The impact of cellulose nanocrystals on the rheology of sodium carboxymethyl cellulose and sodium alginate

Abstract

AbstractAt present, the physical properties of hydrocolloids limit their wide application in food industry. To improve the viscoelasticity of sodium carboxymethyl cellulose (CMC) and sodium alginate (SA), cellulose nanocrystals (CNCs) were added into CMC and SA solutions to regulate the non‐Newtonian flow behaviors of composite systems under different conditions. The rheological properties of CMC/CNCs or SA/CNCs composite systems were studied using steady rheological measurements, dynamic rheological measurements, and creep compliance experiments. It was found that the viscosities and elastic modulus of CMC were positively related to CNCs concentrations in acid, neutral or alkaline environments.
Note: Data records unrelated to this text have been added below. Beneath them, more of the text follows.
(* Let $n\ge 3$. The set $\mathbf{W}^{\le 5}_{\mathrm{bf}}(n)$ is the unique maximal transition semigroup of a minimal DFA $\mathcal{D}_n$ of a bifix-free language (with the state conventions below) in which all pairs of states from $Q_M$ are colliding.
   Context: A language is bifix-free if no word of it is a proper prefix or a proper suffix of another word of it. For a minimal complete DFA $\mathcal{D}_n$ of a bifix-free language with $n$ states the states are named $Q=\{0,\dots,n-1\}$ so that $0$ is initial, $n-1$ is the empty state and $n-2$ is the unique final state (quotient $\{\varepsilon\}$). Transformations act on the right, $q(st)=(qs)t$; the transition semigroup $T(n)$ is the semigroup of transformations of $Q$ induced by nonempty words. Let $Q_M=\{1,\dots,n-3\}$. An unordered pair $\{p,q\}$ of distinct states of $Q_M$ is colliding (in $T(n)$) if there is $t\in T(n)$ with $0t=p$ and $rt=q$ for some $r\in Q_M$. Let $\mathbf{B}_{\mathrm{bf}}(n)$ be the set of all transformations $t$ of $Q$ with $0\notin Qt$, $(n-1)t=n-1$, $(n-2)t=n-1$, and for all $j\ge1$, either $0t^j=n-1$ or $0t^j\ne qt^j$ for all $0<q<n-1$. Then $\mathbf{W}^{\le 5}_{\mathrm{bf}}(n)=\{t\in\mathbf{B}_{\mathrm{bf}}(n)\mid$ for all distinct $p,q\in Q_M$, $pt=qt=n-1$ or $pt\ne qt\}$. *)

theory Defs
  imports Main
begin

text \<open>A DFA with states Q = {0..<n}, alphabet Al, transition function delta
  (letter a maps state q to delta a q), initial state 0 and unique final state n-2.
  Words act on the right: fold applies the first letter first.\<close>

definition word_act :: "('a \<Rightarrow> nat \<Rightarrow> nat) \<Rightarrow> 'a list \<Rightarrow> nat \<Rightarrow> nat" where
  "word_act delta w q = fold delta w q"

definition induced :: "nat \<Rightarrow> ('a \<Rightarrow> nat \<Rightarrow> nat) \<Rightarrow> 'a list \<Rightarrow> (nat \<Rightarrow> nat)" where
  "induced n delta w = (\<lambda>q. if q < n then word_act delta w q else q)"

definition trans_sgrp :: "nat \<Rightarrow> 'a set \<Rightarrow> ('a \<Rightarrow> nat \<Rightarrow> nat) \<Rightarrow> (nat \<Rightarrow> nat) set" where
  "trans_sgrp n Al delta = {induced n delta w | w. w \<in> lists Al \<and> w \<noteq> []}"

definition dfa_lang :: "nat \<Rightarrow> 'a set \<Rightarrow> ('a \<Rightarrow> nat \<Rightarrow> nat) \<Rightarrow> 'a list set" where
  "dfa_lang n Al delta = {w \<in> lists Al. word_act delta w 0 = n - 2}"
lemma neighbourhood_clique_avoiding:
  assumes sg: "simple_graph V E" and ds: "doubly_saturated s t V E"
    and "t \<ge> 3" and "E w a"
  shows "\<exists>K\<subseteq>{v. E w v}. pairwise E K \<and> card K = s - 2 \<and> a \<notin> K"
proof -
  have irrefl: "\<And>x. \<not> E x x" and "finite V" and "w \<in> V"
    using sg \<open>E w a\<close> unfolding simple_graph_def by blast+
  obtain I where I: "is_indep V (del_edge E w a) I" "card I = t" "w \<in> I" "a \<in> I"
    using indep_through_deleted_edge[OF doubly_saturatedD(1)[OF ds]
        doubly_saturatedD(3)[OF ds \<open>E w a\<close>]] by blast
  have "\<not> I \<subseteq> {w, a}"
  proof
    assume "I \<subseteq> {w, a}"
    then have "card I \<le> card {w, a}" by (simp add: card_mono)
    also have "\<dots> \<le> 2" by (simp add: card_insert_if)
    finally show False using I(2) \<open>t \<ge> 3\<close> by simp
  qed
  then obtain y where y: "y \<in> I" "w \<noteq> y" "y \<noteq> a" by blast
  then have "y \<in> V" "\<not> E w y" "\<not> E a y"
    using I(1,3,4) unfolding is_indep_def del_edge_def by auto
  then obtain K where K: "is_clique V (add_edge E w y) K" "card K = s" "w \<in> K" "y \<in> K"
    using clique_through_added_edge[OF irrefl \<open>w \<noteq> y\<close> doubly_saturatedD(1)[OF ds]
        doubly_saturatedD(2)[OF ds \<open>w \<in> V\<close> \<open>y \<in> V\<close> \<open>w \<noteq> y\<close> \<open>\<not> E w y\<close>]]
    by blast
  have "finite K" using K(1) \<open>finite V\<close> unfolding is_clique_def by (auto intro: finite_subset)
  show ?thesis
  proof (intro exI[of _ "K - {w, y}"] conjI)
    show "K - {w, y} \<subseteq> {v. E w v}"
      using K(1,3) unfolding is_clique_def add_edge_def by auto
    show "pairwise E (K - {w, y})"
      using K(1) unfolding is_clique_def add_edge_def pairwise_def by auto
    show "card (K - {w, y}) = s - 2"
      using K(2-4) \<open>finite K\<close> \<open>w \<noteq> y\<close> by (simp add: card_Diff_subset)
    show "a \<notin> K - {w, y}"
      using K(1,4) \<open>\<not> E a y\<close> unfolding is_clique_def add_edge_def by auto
  qed
qed
lemma small_root_branch:
  fixes a c d e g :: real
  obtains T r where "continuous_on {T..} r" "(r \<longlongrightarrow> 0) at_top"
    "\<And>v. v \<ge> T \<Longrightarrow> r v * v * (a * r v + v + c) + d * r v + e * v + g = 0"
proof -
  \<comment> \<open>\<open>r v\<close> is the root \<open>(- \<beta> v + sqrt (D v)) / (2 a v)\<close> of \<open>a v r\<^sup>2 + \<beta> v r + (e v + g)\<close>,
    written in rationalized form so that it also covers \<open>a = 0\<close>.\<close>
  define \<beta> where "\<beta> v = v\<^sup>2 + c * v + d" for v :: real
  define D where "D v = (\<beta> v)\<^sup>2 - 4 * a * v * (e * v + g)" for v
  define r where "r v = - 2 * (e * v + g) / (\<beta> v + sqrt (D v))" for v
  have "eventually (\<lambda>v. \<beta> v > 0) at_top" "eventually (\<lambda>v. D v \<ge> 0) at_top"
    unfolding \<beta>_def D_def by real_asymp+
  from eventually_conj[OF this] obtain T where T: "\<And>v. v \<ge> T \<Longrightarrow> \<beta> v > 0 \<and> D v \<ge> 0"
    unfolding eventually_at_top_linorder by blast
  have denom_pos: "\<beta> v + sqrt (D v) > 0" if "v \<ge> T" for v
    using T[OF that] by (simp add: add_pos_nonneg)
  then have "\<beta> v + sqrt (D v) \<noteq> 0" if "v \<ge> T" for v
    using that by (metis less_irrefl)
  moreover have "continuous_on {T..} \<beta>" "continuous_on {T..} D"
    unfolding \<beta>_def D_def by (intro continuous_intros)+
  ultimately have "continuous_on {T..} r"
    unfolding r_def by (intro continuous_intros) auto
  moreover have "(r \<longlongrightarrow> 0) at_top"
    unfolding r_def \<beta>_def D_def by real_asymp
  moreover have "r v * v * (a * r v + v + c) + d * r v + e * v + g = 0" if "v \<ge> T" for v
  proof -
    define s where "s = sqrt (D v)"
    define q where "q = \<beta> v + s"
    have "s\<^sup>2 = D v"
      using T[OF that] by (simp add: s_def)
    have "q \<noteq> 0"
      using denom_pos[OF that] by (simp add: q_def s_def)
    have "q\<^sup>2 - 2 * \<beta> v * q + 4 * a * v * (e * v + g) = 0"
      using \<open>s\<^sup>2 = D v\<close> unfolding q_def D_def by (simp add: power2_eq_square algebra_simps)
    moreover have "r v * v * (a * r v + v + c) + d * r v + e * v + g
        = (e * v + g) / q\<^sup>2 * (q\<^sup>2 - 2 * \<beta> v * q + 4 * a * v * (e * v + g))"
      using \<open>q \<noteq> 0\<close> unfolding r_def s_def[symmetric] q_def[symmetric] unfolding \<beta>_def
      by (simp add: field_simps power2_eq_square)
    ultimately show ?thesis
      by simp
  qed
  ultimately show ?thesis
    using that by blast
qed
When the CNCs content was higher than 5% at pH 9.45, the gelation of CMC was accelerated, and the gelation strength was increased. The damping factor of SA decreased with increasing calcium ions contents. When calcium ions content was higher than 0.07%, the damping factor of SA was less than 1, indicating that SA system achieved gel transformation. The effect of CNCs on the apparent viscosity, shear stress, and storage modulus of CMC was more obvious in comparison to that of SA. Overall, as a rheology modifier, CNCs can minimize the contents of food colloids in any functional fluid while maintaining the thickening rheology.